TTL: We hear a lot about “wellness” these days. What is “wellness,” and what are the business and legal implications of this concept for our clients?
LA: “Wellness” is an umbrella term that refers to any program or process that encourages healthy behavior in order to prevent disease. Wellness takes many forms, from simple health fairs and free personal tracking devices, to complex wellness systems that provide rewards for participating in screenings, and, sometimes, in attaining certain goals. While studies on the long-term impact of wellness plans on the bottom line vary, most studies agree that wellness plans offered to employees improve morale.
Wellness plans are governed by the Internal Revenue Code, ERISA, HIPAA and the Americans With Disabilities Act, and have to be designed to comply with these laws, including complex rules about access, communications, rewards and alternatives. We help our clients navigate these rules.
TTL: Many of the articles in this issue touch on “innovation” in health care. What do we have to look forward to in the next 20 years or so that will dramatically impact the way health care is delivered? What legal challenges will that create?
LA: Looking forward, we will continue to see the digitization of health care records, with more of each individual’s information being held and accessed electronically. We will also continue to see the advancement of solutions that are tailored specifically to an individual. For example, treatments based on a person’s individual DNA will become more commonplace.

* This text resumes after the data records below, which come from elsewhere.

lemma norm_dual_certificate_eq_1:
  assumes not_parallel: "\<And>m. kink m \<noteq> 0 \<Longrightarrow> kink (Suc m) \<noteq> 0 \<Longrightarrow> sgn (kink m) \<noteq> sgn (kink (Suc m))"
    and one: "norm (dual_certificate r) = 1"
  shows "\<exists>m\<le>n. kink m \<noteq> 0 \<and> r = p m"
proof -
  have at_knot: "kink m \<noteq> 0" if "m \<le> n" "r = p m" for m
    using one dual_certificate_knot[OF that(1)] that(2) by (auto simp: norm_sgn split: if_splits)
  have inside: "\<not> (r \<le> p 0 \<or> p n \<le> r)" using one dual_certificate_outside[of r] by auto
  define j where "j = segment r"
  have j: "j < n" "p j \<le> r" "r \<le> p (Suc j)"
    using segment_less segment_brackets inside by (auto simp: j_def)
  consider "r = p j" | "r = p (Suc j)" | "p j < r" "r < p (Suc j)" using j by linarith
  then show ?thesis
  proof cases
    case 1
    moreover have "j \<le> n" using j(1) by simp
    ultimately show ?thesis using at_knot[of j] by blast
  next
    case 2
    moreover have "Suc j \<le> n" using j(1) by simp
    ultimately show ?thesis using at_knot[of "Suc j"] by blast
  next
    case 3
    define t where "t = (p (Suc j) - r) / (p (Suc j) - p j)"
    have "0 < t" "t < 1" using 3 by (auto simp: t_def field_simps)
    then have "sgn (kink (Suc j)) = sgn (kink j) \<and> norm (sgn (kink (Suc j))) = 1"
      using norm_convex_combination_eq_1[of "sgn (kink (Suc j))" "sgn (kink j)" t] one
        dual_certificate_on_segment[OF j] by (simp add: t_def norm_sgn)
    then have "norm (sgn (kink j)) = 1" "norm (sgn (kink (Suc j))) = 1" "sgn (kink j) = sgn (kink (Suc j))"
      by auto
    then have "kink j \<noteq> 0" "kink (Suc j) \<noteq> 0" by (metis norm_zero sgn_zero zero_neq_one)+
    then have False using not_parallel[of j] \<open>sgn (kink j) = sgn (kink (Suc j))\<close> by blast
    then show ?thesis ..
  qed
qed

lemma dual_functional_interpolant: "dual_functional interpolant = (\<Sum>m\<le>n. norm (kink m))"
  by (simp add: interpolant_def dual_functional_ramp_sum dual_certificate_knot inner_sgn_self)

lemma interpolating_ramp_sum_pairing:
  assumes "\<And>m. m \<le> n \<Longrightarrow> ramp_sum I r v A B (p m) = y m"
  shows "(\<Sum>k\<in>I. inner (dual_certificate (r k)) (v k)) = (\<Sum>m\<le>n. norm (kink m))"
proof -
  have "dual_functional (ramp_sum I r v A B) = dual_functional interpolant"
    using assms interpolant_knot by (intro dual_functional_cong) simp
  then show ?thesis by (simp add: dual_functional_ramp_sum dual_functional_interpolant)
qed

lemma interpolating_ramp_sum_cost_ge:
  assumes "\<And>m. m \<le> n \<Longrightarrow> ramp_sum I r v A B (p m) = y m"
  shows "(\<Sum>m\<le>n. norm (kink m)) \<le> (\<Sum>k\<in>I. norm (v k))"
proof -
  have "(\<Sum>k\<in>I. inner (dual_certificate (r k)) (v k)) \<le> (\<Sum>k\<in>I. norm (v k))"
    by (intro sum_mono inner_dual_certificate_le)
  then show ?thesis using interpolating_ramp_sum_pairing[OF assms] by simp
qed
(* Let $\alpha$ be an ordinal number such that either $\Pi(\Pi_\alpha\mathcal A)=\Pi_\alpha\mathcal A=\Sigma(\Pi_\alpha\mathcal A)$, or $\Pi(\Sigma_\alpha\mathcal A)=\Sigma_\alpha\mathcal A=\Sigma(\Sigma_\alpha\mathcal A)$. Then $\alpha$ is uncountable.
   Context: $\mathbb N=\{1,2,\dots\}$, and $\mathbb N^{\mathbb N}$ is the Baire space. For $m,n\in\mathbb N$ let $B^m_n=\{f\in\mathbb N^{\mathbb N}: f(n)=m\}$. $\mathcal A$ is the family of all sets $T_1\cup\dots\cup T_L$ ($L\in\mathbb N$), each $T_\ell$ a finite intersection $S_1\cap\dots\cap S_K$ ($K\in\mathbb N$) of sets of the form $B^m_n$ or $\mathbb N^{\mathbb N}\setminus B^m_n$. For a family $\mathcal X$ of subsets of $\mathbb N^{\mathbb N}$, $\Pi(\mathcal X)$ is the family of all countable intersections $\bigcap_n X_n$ and $\Sigma(\mathcal X)$ that of all countable unions $\bigcup_n X_n$ with $X_n\in\mathcal X$. Define by transfinite recursion $\Pi_0\mathcal A=\Sigma_0\mathcal A=\mathcal A$, $\Pi_{\beta+1}\mathcal A=\Pi(\Sigma_\beta\mathcal A)$, $\Sigma_{\beta+1}\mathcal A=\Sigma(\Pi_\beta\mathcal A)$, and for limit $\lambda$, $\Pi_\lambda\mathcal A=\bigcup_{\beta<\lambda}\Pi_\beta\mathcal A$, $\Sigma_\lambda\mathcal A=\bigcup_{\beta<\lambda}\Sigma_\beta\mathcal A$. (In the paper's terminology, the two hypotheses say that the hierarchy of extensions of the zero valuation on $\mathcal A$ has collapsed at $\Pi_\alpha\mathcal A$, resp. at $\Sigma_\alpha\mathcal A$.) *)

theory Defs
  imports Main "HOL-Library.Countable_Set"
begin

text \<open>Baire space: points are functions nat => nat. The paper's index set
  {1,2,...} is relabelled as {0,1,...} (coordinates and values shifted by one),
  which is an isomorphic copy of the Baire space.\<close>

type_synonym baire = "nat \<Rightarrow> nat"

definition Bset :: "nat \<Rightarrow> nat \<Rightarrow> baire set" where
  "Bset m n = {f. f n = m}"

definition literals :: "baire set set" where
  "literals = {Bset m n | m n. True} \<union> {- Bset m n | m n. True}"

definition conjs :: "baire set set" where
  "conjs = {\<Inter> (set l) | l. l \<noteq> [] \<and> set l \<subseteq> literals}"

definition algA :: "baire set set" where
  "algA = {\<Union> (set l) | l. l \<noteq> [] \<and> set l \<subseteq> conjs}"

definition PiF :: "baire set set \<Rightarrow> baire set set" where
  "PiF X = {\<Inter> (range Y) | Y. \<forall>n::nat. Y n \<in> X}"

definition SigmaF :: "baire set set \<Rightarrow> baire set set" where
  "SigmaF X = {\<Union> (range Y) | Y. \<forall>n::nat. Y n \<in> X}"

text \<open>Ordinals are represented by elements of well-orders: the element a of
  the field of a well-order r stands for the ordinal which is the order type of
  the strict initial segment underS r a. The pair hier r a is
  (Pi_alpha A, Sigma_alpha A), defined by transfinite recursion.\<close>

definition hier_step ::
  "'b rel \<Rightarrow> ('b \<Rightarrow> baire set set \<times> baire set set) \<Rightarrow> 'b \<Rightarrow> baire set set \<times> baire set set" where
  "hier_step r h x =
     (if underS r x = {} then (algA, algA)
      else if (\<exists>b \<in> underS r x. \<forall>c \<in> underS r x. (c, b) \<in> r)
      then (let b = (THE b. b \<in> underS r x \<and> (\<forall>c \<in> underS r x. (c, b) \<in> r))
            in (PiF (snd (h b)), SigmaF (fst (h b))))
      else (\<Union>b \<in> underS r x. fst (h b), \<Union>b \<in> underS r x. snd (h b)))"

definition hier :: "'b rel \<Rightarrow> 'b \<Rightarrow> baire set set \<times> baire set set" where
  "hier r = wfrec (r - Id) (hier_step r)"

definition PiH :: "'b rel \<Rightarrow> 'b \<Rightarrow> baire set set" where
  "PiH r a = fst (hier r a)"

definition SigmaH :: "'b rel \<Rightarrow> 'b \<Rightarrow> baire set set" where
  "SigmaH r a = snd (hier r a)"

end

theory Submission
  imports Defs "HOL-Library.Nat_Bijection"
begin

text \<open>Suppose \<alpha> is countable and let C be the collapsed class \<Pi>_\<alpha>\<A> or \<Sigma>_\<alpha>\<A>. It is
  closed under countable unions and intersections, so its ambiguous part
  \<Delta> = {X \<in> C. -X \<in> C} is a \<sigma>-algebra containing \<A>. By induction along \<alpha> one builds, for
  every level \<Pi>_\<beta>\<A> and \<Sigma>_\<beta>\<A> with \<beta> \<le> \<alpha>, a set W of pairs that is universal for the
  level (each member is a section {x. (x, y) \<in> W}) and whose pullback along x \<mapsto> (x, \<psi> x) lies
  in \<Delta> for every \<Delta>-measurable \<psi>; the countability of \<alpha> is what allows the limit stages to
  glue countably many universal sets together. For W universal for C itself and \<psi> the
  identity, the diagonal {x. (x, x) \<in> W} lies in \<Delta>, so its complement is in C and hence a
  section {x. (x, y) \<in> W}, which is absurd at x = y.\<close>

lemma The_maximum_eq:
  assumes "antisym r" and "b \<in> S" and "\<forall>c\<in>S. (c, b) \<in> r"
  shows "(THE b. b \<in> S \<and> (\<forall>c\<in>S. (c, b) \<in> r)) = b"
  using assms by (intro the_equality) (auto dest: antisymD)

lemma hier_step_cases:
  obtains (zero) "underS r x = {}"
    | (succ) b where "b \<in> underS r x" "\<forall>c \<in> underS r x. (c, b) \<in> r"
    | (limit) "underS r x \<noteq> {}" "\<not> (\<exists>b \<in> underS r x. \<forall>c \<in> underS r x. (c, b) \<in> r)"
  by blast

lemma hier_step_zero: "underS r x = {} \<Longrightarrow> hier_step r h x = (algA, algA)"
  by (simp add: hier_step_def)

lemma hier_step_succ:
  assumes "antisym r" and "b \<in> underS r x" and "\<forall>c \<in> underS r x. (c, b) \<in> r"
  shows "hier_step r h x = (PiF (snd (h b)), SigmaF (fst (h b)))"
proof -
  have "underS r x \<noteq> {}" and "\<exists>b \<in> underS r x. \<forall>c \<in> underS r x. (c, b) \<in> r"
    using assms(2,3) by blast+
  then show ?thesis by (simp add: hier_step_def The_maximum_eq[OF assms])
qed

lemma hier_step_limit:
  assumes "underS r x \<noteq> {}" and "\<not> (\<exists>b \<in> underS r x. \<forall>c \<in> underS r x. (c, b) \<in> r)"
  shows "hier_step r h x = (\<Union>b\<in>underS r x. fst (h b), \<Union>b\<in>underS r x. snd (h b))"
  unfolding hier_step_def if_not_P[OF assms(1)] if_not_P[OF assms(2)] ..

lemma hier_step_cong:
  assumes "antisym r" and "\<And>y. y \<in> underS r x \<Longrightarrow> f y = g y"
  shows "hier_step r f x = hier_step r g x"
proof (cases rule: hier_step_cases[of r x])
  case zero
  then show ?thesis by (simp add: hier_step_zero)
next
  case (succ b)
  then show ?thesis using assms by (simp add: hier_step_succ[OF assms(1)])
next
  case limit
  then show ?thesis using assms(2) by (simp add: hier_step_limit)
qed

lemma hier_unfold:
  assumes "Well_order r"
  shows "hier r = hier_step r (hier r)"
proof -
  have wo: "wo_rel r" using assms by (simp add: wo_rel_def)
  have "wo_rel.adm_wo r (hier_step r)"
    unfolding wo_rel.adm_wo_def[OF wo]
  proof (intro allI impI)
    fix f g :: "_ \<Rightarrow> baire set set \<times> baire set set" and x
    assume "\<forall>y \<in> underS r x. f y = g y"
    then show "hier_step r f x = hier_step r g x"
      by (intro hier_step_cong[OF wo_rel.ANTISYM[OF wo]]) blast
  qed
  moreover have "hier r = wo_rel.worec r (hier_step r)"
    by (simp only: wo_rel.worec_def[OF wo] hier_def)
  ultimately show ?thesis using wo_rel.worec_fixpoint[OF wo] by metis
qed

However, the ability to predict what diseases a person may have based on his or her DNA will also increase privacy and ethical concerns for all parties. While the push to modernize and streamline the health care system will continue to occur, the system struggles to provide all with basic care as well as the complex treatment regimens that have been developed. The debate over what is the best health care model for the U.S. will also continue. Whether the U.S. will continue with its current private/public health care system, convert to a single-payer system, or develop some new system, will keep us and our clients busy for the foreseeable future.